▸ AIM OF THE EXERCISE:
All lines from the entries below that contain the string "assms" should be copied out.

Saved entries

(* Let $n\ge 1$. For $i,j\in\{1,\dots,n\}$ let $L_i>0$, $\mu_i>0$, $\theta_i\ge 0$, $\lambda_i\ge 0$ and $\gamma_{ij}\ge 0$ be real numbers with $\gamma_{ii}=0$ and $\gamma_{ij}=\gamma_{ji}$. Let $A$ be the $n\times n$ matrix with $A_{ii}=-\big(\frac{\mu_i}{L_i}+\theta_i+\sum_{j=1}^n\frac{\gamma_{ij}}{L_i}\big)$ and $A_{ij}=\frac{\gamma_{ij}}{L_j}$ for $i\ne j$, and $b\in\mathbb{R}^n$ with $b_i=\mu_i-\lambda_i$. Let $y(t)=(y_1(t),\dots,y_n(t))^t$ be the solution of $y'(t)=Ay(t)+b$ and $y^*=-A^{-1}b=(y_1^*,\dots,y_n^* )^t$ its equilibrium point. Put $$L_a=\sum_{i=1}^nL_i,\quad \mu_a=\sum_{i=1}^n\mu_i,\quad \lambda_a=\sum_{i=1}^n\lambda_i,\quad \bar\theta=\frac1n\sum_{i=1}^n\theta_i,$$ let $y_a(t)$ be the solution of the scalar equation $y_a'(t)=-\big(\frac{\mu_a}{L_a}+\bar\theta\big)y_a(t)+(\mu_a-\lambda_a)$, and let $y_a^*=\frac{\mu_a-\lambda_a}{\mu_a/L_a+\bar\theta}$ be its equilibrium value. If $$\frac{\mu_1}{L_1}=\frac{\mu_2}{L_2}=\cdots=\frac{\mu_n}{L_n}\quad\text{and}\quad \theta_1=\cdots=\theta_n,$$ then $\sum_{i=1}^n y_i^*=y_a^*$. Furthermore, if in addition $\sum_{i=1}^n y_i(0)=y_a(0)$, then $\sum_{i=1}^n y_i(t)=y_a(t)$ for all $t\ge 0$.
   Context: The vector system models the inventory levels of $n$ warehouses in one echelon with maximum levels $L_i$, maximum supply rates $\mu_i$, deterioration percentages $\theta_i$, demand rates $\lambda_i$ and maximum lateral transshipment rates $\gamma_{ij}$; the scalar equation is the aggregated model in which the $n$ warehouses are combined into one warehouse. The matrix $A$ is invertible (all its eigenvalues have negative real part). *)

theory Defs
  imports "HOL-Analysis.Analysis"
begin

end

theory Submission
  imports Defs
begin

text \<open>When all warehouses share the supply-to-capacity ratio and the deterioration rate,
  the column sums of \<open>A\<close> all equal \<open>-c\<close> with \<open>c = \<mu>\<^sub>i/L\<^sub>i + \<theta>\<^sub>i\<close>, because the
  transshipment terms leaving one warehouse arrive at the others. Hence
  \<open>\<Sum>\<^sub>i (A x)\<^sub>i = -c \<Sum>\<^sub>i x\<^sub>i\<close>, and summing the components of \<open>y' = Ay + b\<close> gives exactly
  the aggregated scalar equation, whose coefficient \<open>\<mu>\<^sub>a/L\<^sub>a + \<theta>\<close> is again \<open>c\<close>.
  Uniqueness for linear scalar ODEs then yields the dynamic claim, and summing \<open>A y\<^sup>* = -b\<close>
  yields the equilibrium claim. \<open>A\<close> is invertible since it is strictly column diagonally
  dominant.\<close>

lemma sum_matrix_vector_mult_column_sums:
  fixes A :: "'a::comm_semiring_1^'n^'m"
  assumes "\<And>j. (\<Sum>i\<in>UNIV. A $ i $ j) = s"
  shows "(\<Sum>i\<in>UNIV. (A *v x) $ i) = s * (\<Sum>j\<in>UNIV. x $ j)"
proof -
  have "(\<Sum>i\<in>UNIV. (A *v x) $ i) = (\<Sum>j\<in>UNIV. (\<Sum>i\<in>UNIV. A $ i $ j) * x $ j)"
    by (simp add: matrix_vector_mult_def sum_distrib_right) (rule sum.swap)
  also have "\<dots> = s * (\<Sum>j\<in>UNIV. x $ j)"
    by (simp add: assms sum_distrib_left)
  finally show ?thesis .
qed

lemma invertible_if_column_diagonally_dominant:
  fixes A :: "real^'n^'n"
  assumes dominant: "\<And>j. (\<Sum>i\<in>UNIV - {j}. \<bar>A $ i $ j\<bar>) < \<bar>A $ j $ j\<bar>"
  shows "invertible A"
proof -
  txt \<open>At an entry of maximal modulus, a kernel vector of \<open>transpose A\<close> would violate
    the dominance of that column.\<close>
  have "v = 0" if "transpose A *v v = 0" for v
  proof (rule ccontr)
    assume "v \<noteq> 0"
    define m where "m = Max (range (\<lambda>i. \<bar>v $ i\<bar>))"
    have "m \<in> range (\<lambda>i. \<bar>v $ i\<bar>)"
      unfolding m_def by (rule Max_in) auto
    then obtain j where "\<bar>v $ j\<bar> = m"
      by auto
    have j_max: "\<bar>v $ i\<bar> \<le> \<bar>v $ j\<bar>" for i
      unfolding \<open>\<bar>v $ j\<bar> = m\<close> m_def by (rule Max_ge) auto
    obtain k where "v $ k \<noteq> 0"
      using \<open>v \<noteq> 0\<close> by (auto simp: vec_eq_iff)
    then have "\<bar>v $ j\<bar> > 0"
      using j_max[of k] by linarith
    have "(\<Sum>i\<in>UNIV. A $ i $ j * v $ i) = 0"
      using that by (auto simp: vec_eq_iff matrix_vector_mult_def transpose_def)
    then have "A $ j $ j * v $ j = - (\<Sum>i\<in>UNIV - {j}. A $ i $ j * v $ i)"
      by (simp add: sum.remove[of UNIV j])
    then have "\<bar>A $ j $ j\<bar> * \<bar>v $ j\<bar> = \<bar>\<Sum>i\<in>UNIV - {j}. A $ i $ j * v $ i\<bar>"
      by (simp add: abs_mult[symmetric])
    also have "\<dots> \<le> (\<Sum>i\<in>UNIV - {j}. \<bar>A $ i $ j\<bar> * \<bar>v $ i\<bar>)"
      by (simp add: abs_mult[symmetric] sum_abs)
    also have "\<dots> \<le> (\<Sum>i\<in>UNIV - {j}. \<bar>A $ i $ j\<bar>) * \<bar>v $ j\<bar>"
      unfolding sum_distrib_right by (intro sum_mono mult_left_mono j_max) auto
    also have "\<dots> < \<bar>A $ j $ j\<bar> * \<bar>v $ j\<bar>"
      using dominant \<open>\<bar>v $ j\<bar> > 0\<close> by (rule mult_strict_right_mono)
    finally show False by simp
  qed
  then have "\<exists>B. B ** transpose A = mat 1"
    by (simp add: matrix_left_invertible_ker)
  then show ?thesis
    by (simp add: left_invertible_transpose invertible_right_inverse)
qed

lemma matrix_inv_right:
  assumes "invertible A"
  shows "A ** matrix_inv A = mat 1"
  using someI_ex[OF assms[unfolded invertible_def]] by (simp add: matrix_inv_def)

lemma linear_ode_solution:
  fixes h :: "real \<Rightarrow> real"
  assumes ode: "\<And>s. s \<ge> 0 \<Longrightarrow> (h has_real_derivative a * h s) (at s within {0..})"
    and "t \<ge> 0"
  shows "h t = h 0 * exp (a * t)"
proof -
  define g where "g s = h s * exp (- a * s)" for s
  have "(g has_real_derivative 0) (at s within {0..})" if "s \<in> {0..}" for s
    unfolding g_def using that
    by (auto intro!: derivative_eq_intros ode simp: algebra_simps)
  then obtain k where "\<And>s. s \<in> {0..} \<Longrightarrow> g s = k"
    using has_field_derivative_zero_constant[of "{0..}" g] by (auto simp: convex_real_interval)
  then have "g t = g 0" using \<open>t \<ge> 0\<close> by simp
  then show ?thesis
    by (simp add: g_def exp_minus field_simps)
qed

lemma sum_equilibrium_eq_if_column_sums:
  fixes A :: "real^'n^'n"
  assumes "invertible A" and "\<And>j. (\<Sum>i\<in>UNIV. A $ i $ j) = - c" and "c \<noteq> 0"
  shows "(\<Sum>i\<in>UNIV. (- (matrix_inv A *v b)) $ i) = (\<Sum>i\<in>UNIV. b $ i) / c"
proof -
  have "(\<Sum>i\<in>UNIV. b $ i) = (\<Sum>i\<in>UNIV. (A *v (matrix_inv A *v b)) $ i)"
    using matrix_inv_right[OF \<open>invertible A\<close>] by (simp add: matrix_vector_mul_assoc)
  also have "\<dots> = - c * (\<Sum>i\<in>UNIV. (matrix_inv A *v b) $ i)"
    using assms(2) by (rule sum_matrix_vector_mult_column_sums)
  finally show ?thesis
    using \<open>c \<noteq> 0\<close> by (simp add: sum_negf field_simps)
qed

lemma affine_ode_unique:
  fixes f g :: "real \<Rightarrow> real"
  assumes f: "\<And>s. s \<ge> 0 \<Longrightarrow> (f has_real_derivative a * f s + d) (at s within {0..})"
    and g: "\<And>s. s \<ge> 0 \<Longrightarrow> (g has_real_derivative a * g s + d) (at s within {0..})"
    and "f 0 = g 0" and "t \<ge> 0"
  shows "f t = g t"
proof -
  have "((\<lambda>s. f s - g s) has_real_derivative a * (f s - g s)) (at s within {0..})"
    if "s \<ge> 0" for s
    using DERIV_diff[OF f g, OF that that] by (simp add: algebra_simps)
  from linear_ode_solution[OF this \<open>t \<ge> 0\<close>] \<open>f 0 = g 0\<close> show ?thesis
    by simp
qed

lemma has_vector_derivative_sum_components:
  fixes y :: "real \<Rightarrow> 'a::real_normed_vector^'n"
  assumes "(y has_vector_derivative y') (at t within S)"
  shows "((\<lambda>t. \<Sum>i\<in>UNIV. y t $ i) has_vector_derivative (\<Sum>i\<in>UNIV. y' $ i)) (at t within S)"
proof -
  have "bounded_linear (\<lambda>v::'a^'n. \<Sum>i\<in>UNIV. v $ i)"
    by (intro bounded_linear_sum bounded_linear_vec_nth)
  from bounded_linear.has_vector_derivative[OF this assms] show ?thesis
    by simp
qed

lemma sum_divide_sum_eq_common_ratio:
  fixes L \<mu> :: "'a \<Rightarrow> real"
  assumes "finite S" and "S \<noteq> {}" and "\<And>i. i \<in> S \<Longrightarrow> L i > 0"
    and "\<And>i. i \<in> S \<Longrightarrow> \<mu> i / L i = r"
  shows "sum \<mu> S / sum L S = r"
proof -
  have "\<mu> i = r * L i" if "i \<in> S" for i
    using assms(3,4)[OF that] by (auto simp: divide_eq_eq)
  then have "sum \<mu> S = r * sum L S"
    unfolding sum_distrib_left by (rule sum.cong[OF refl])
  moreover have "sum L S > 0"
    using assms by (intro sum_pos) auto
  ultimately show ?thesis
    by simp
qed

definition transshipment_matrix ::
  "('n::finite \<Rightarrow> real) \<Rightarrow> ('n \<Rightarrow> real) \<Rightarrow> ('n \<Rightarrow> real) \<Rightarrow> ('n \<Rightarrow> 'n \<Rightarrow> real) \<Rightarrow> real^'n^'n"
  where "transshipment_matrix L \<mu> \<theta> \<gamma> =
    (\<chi> i j. if i = j then - (\<mu> i / L i + \<theta> i + (\<Sum>k\<in>UNIV. \<gamma> i k / L i)) else \<gamma> i j / L j)"

context
  fixes L \<mu> \<theta> :: "'n::finite \<Rightarrow> real" and \<gamma> :: "'n \<Rightarrow> 'n \<Rightarrow> real"
  assumes gamma_diag: "\<And>i. \<gamma> i i = 0" and gamma_sym: "\<And>i j. \<gamma> i j = \<gamma> j i"
begin

lemma transshipment_inflow_eq_outflow:
  "(\<Sum>i\<in>UNIV - {j}. \<gamma> i j / L j) = (\<Sum>k\<in>UNIV. \<gamma> j k / L j)"
  using sum.remove[of UNIV j "\<lambda>k. \<gamma> j k / L j"] gamma_diag gamma_sym by simp

lemma transshipment_matrix_column_sum:
  "(\<Sum>i\<in>UNIV. transshipment_matrix L \<mu> \<theta> \<gamma> $ i $ j) = - (\<mu> j / L j + \<theta> j)"
  using sum.remove[of UNIV j "\<lambda>i. transshipment_matrix L \<mu> \<theta> \<gamma> $ i $ j"]
    transshipment_inflow_eq_outflow[of j]
  by (simp add: transshipment_matrix_def)

lemma invertible_transshipment_matrix:
  assumes "\<And>i. L i > 0" and "\<And>i. \<mu> i > 0" and "\<And>i. \<theta> i \<ge> 0" and "\<And>i j. \<gamma> i j \<ge> 0"
  shows "invertible (transshipment_matrix L \<mu> \<theta> \<gamma>)"
proof (rule invertible_if_column_diagonally_dominant)
  fix j
  have "\<mu> j / L j > 0"
    using assms(1,2) by simp
  have outflow_nonneg: "(\<Sum>k\<in>UNIV. \<gamma> j k / L j) \<ge> 0"
    using assms by (intro sum_nonneg divide_nonneg_pos) (auto intro: less_imp_le)
  have "(\<Sum>i\<in>UNIV - {j}. \<bar>transshipment_matrix L \<mu> \<theta> \<gamma> $ i $ j\<bar>) = (\<Sum>i\<in>UNIV - {j}. \<gamma> i j / L j)"
    using assms(1,4) by (intro sum.cong) (auto simp: transshipment_matrix_def abs_of_pos abs_of_nonneg)
  also have "\<dots> = (\<Sum>k\<in>UNIV. \<gamma> j k / L j)"
    by (rule transshipment_inflow_eq_outflow)
  also have "\<dots> < \<mu> j / L j + \<theta> j + (\<Sum>k\<in>UNIV. \<gamma> j k / L j)"
    using \<open>\<mu> j / L j > 0\<close> assms(3) by (simp add: add_pos_nonneg)
  also have "\<dots> = \<bar>transshipment_matrix L \<mu> \<theta> \<gamma> $ j $ j\<bar>"
    using \<open>\<mu> j / L j > 0\<close> assms(3)[of j] outflow_nonneg by (simp add: transshipment_matrix_def)
  finally show "(\<Sum>i\<in>UNIV - {j}. \<bar>transshipment_matrix L \<mu> \<theta> \<gamma> $ i $ j\<bar>)
      < \<bar>transshipment_matrix L \<mu> \<theta> \<gamma> $ j $ j\<bar>" .
qed

end

theorem proposition4:
  fixes L \<mu> \<theta> lam :: "'n::finite \<Rightarrow> real"
    and \<gamma> :: "'n \<Rightarrow> 'n \<Rightarrow> real"
    and A :: "real^'n^'n" and b :: "real^'n"
    and y :: "real \<Rightarrow> real^'n" and ya :: "real \<Rightarrow> real"
  assumes L_pos: "\<And>i. L i > 0"
    and mu_pos: "\<And>i. \<mu> i > 0"
    and theta_nn: "\<And>i. \<theta> i \<ge> 0"
    and lambda_nn: "\<And>i. lam i \<ge> 0"
    and gamma_nn: "\<And>i j. \<gamma> i j \<ge> 0"
    and gamma_diag: "\<And>i. \<gamma> i i = 0"
    and gamma_sym: "\<And>i j. \<gamma> i j = \<gamma> j i"
    and A_def: "A = (\<chi> i j. if i = j
                    then - (\<mu> i / L i + \<theta> i + (\<Sum>k\<in>UNIV. \<gamma> i k / L i))
                    else \<gamma> i j / L j)"
    and b_def: "b = (\<chi> i. \<mu> i - lam i)"
    and y_sol: "\<And>t. t \<ge> 0 \<Longrightarrow>
        (y has_vector_derivative (A *v y t + b)) (at t within {0..})"
    and ya_sol: "\<And>t. t \<ge> 0 \<Longrightarrow>
        (ya has_real_derivative
           (- ((\<Sum>i\<in>UNIV. \<mu> i) / (\<Sum>i\<in>UNIV. L i)
               + (\<Sum>i\<in>UNIV. \<theta> i) / real CARD('n)) * ya t
            + ((\<Sum>i\<in>UNIV. \<mu> i) - (\<Sum>i\<in>UNIV. lam i)))) (at t within {0..})"
    and ratio_eq: "\<And>i j. \<mu> i / L i = \<mu> j / L j"
    and theta_eq: "\<And>i j. \<theta> i = \<theta> j"
  shows "(\<Sum>i\<in>UNIV. (- (matrix_inv A *v b)) $ i)
           = ((\<Sum>i\<in>UNIV. \<mu> i) - (\<Sum>i\<in>UNIV. lam i))
             / ((\<Sum>i\<in>UNIV. \<mu> i) / (\<Sum>i\<in>UNIV. L i)
                + (\<Sum>i\<in>UNIV. \<theta> i) / real CARD('n))
         \<and> ((\<Sum>i\<in>UNIV. y 0 $ i) = ya 0 \<longrightarrow>
              (\<forall>t\<ge>0. (\<Sum>i\<in>UNIV. y t $ i) = ya t))"
proof -
  fix i0 :: 'n
  define c where "c = \<mu> i0 / L i0 + \<theta> i0"
  have rate: "\<mu> j / L j + \<theta> j = c" for j
    unfolding c_def using ratio_eq[of j i0] theta_eq[of j i0] by simp
  have "c > 0"
    unfolding c_def using mu_pos[of i0] L_pos[of i0] theta_nn[of i0] by (simp add: add_pos_nonneg)
  have aggregate_rate: "(\<Sum>i\<in>UNIV. \<mu> i) / (\<Sum>i\<in>UNIV. L i) + (\<Sum>i\<in>UNIV. \<theta> i) / real CARD('n) = c"
  proof -
    have "(\<Sum>i\<in>UNIV. \<theta> i) = real CARD('n) * \<theta> i0"
      using sum.cong[of UNIV UNIV \<theta> "\<lambda>_. \<theta> i0"] theta_eq by simp
    then show ?thesis
      using sum_divide_sum_eq_common_ratio[of UNIV L \<mu>, OF _ _ L_pos ratio_eq] by (simp add: c_def)
  qed
  have A_eq: "A = transshipment_matrix L \<mu> \<theta> \<gamma>"
    unfolding A_def transshipment_matrix_def ..
  have column_sums: "(\<Sum>i\<in>UNIV. A $ i $ j) = - c" for j
    unfolding A_eq transshipment_matrix_column_sum[OF gamma_diag gamma_sym] rate ..
  have "invertible A"
    unfolding A_eq using gamma_diag gamma_sym L_pos mu_pos theta_nn gamma_nn
    by (rule invertible_transshipment_matrix)
  have sum_b: "(\<Sum>i\<in>UNIV. b $ i) = (\<Sum>i\<in>UNIV. \<mu> i) - (\<Sum>i\<in>UNIV. lam i)"
    by (simp add: b_def sum_subtractf)
  have "((\<lambda>t. \<Sum>i\<in>UNIV. y t $ i) has_real_derivative
          - c * (\<Sum>i\<in>UNIV. y t $ i) + ((\<Sum>i\<in>UNIV. \<mu> i) - (\<Sum>i\<in>UNIV. lam i))) (at t within {0..})"
    if "t \<ge> 0" for t
    using has_vector_derivative_sum_components[OF y_sol[OF that]]
    by (simp add: has_real_derivative_iff_has_vector_derivative sum.distrib sum_b
        sum_matrix_vector_mult_column_sums[OF column_sums])
  from affine_ode_unique[OF this ya_sol[unfolded aggregate_rate]]
  show ?thesis
    using sum_equilibrium_eq_if_column_sums[OF \<open>invertible A\<close> column_sums] \<open>c > 0\<close>
    by (simp add: aggregate_rate sum_b)
qed

end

▸ RESULT FOR THIS EXERCISE:
    by (simp add: assms sum_distrib_left)
  using someI_ex[OF assms[unfolded invertible_def]] by (simp add: matrix_inv_def)
    using assms(2) by (rule sum_matrix_vector_mult_column_sums)
  from bounded_linear.has_vector_derivative[OF this assms] show ?thesis
    using assms(3,4)[OF that] by (auto simp: divide_eq_eq)
    using assms by (intro sum_pos) auto
    using assms(1,2) by simp
    using assms by (intro sum_nonneg divide_nonneg_pos) (auto intro: less_imp_le)
    using assms(1,4) by (intro sum.cong) (auto simp: transshipment_matrix_def abs_of_pos abs_of_nonneg)
    using \<open>\<mu> j / L j > 0\<close> assms(3) by (simp add: add_pos_nonneg)
    using \<open>\<mu> j / L j > 0\<close> assms(3)[of j] outflow_nonneg by (simp add: transshipment_matrix_def)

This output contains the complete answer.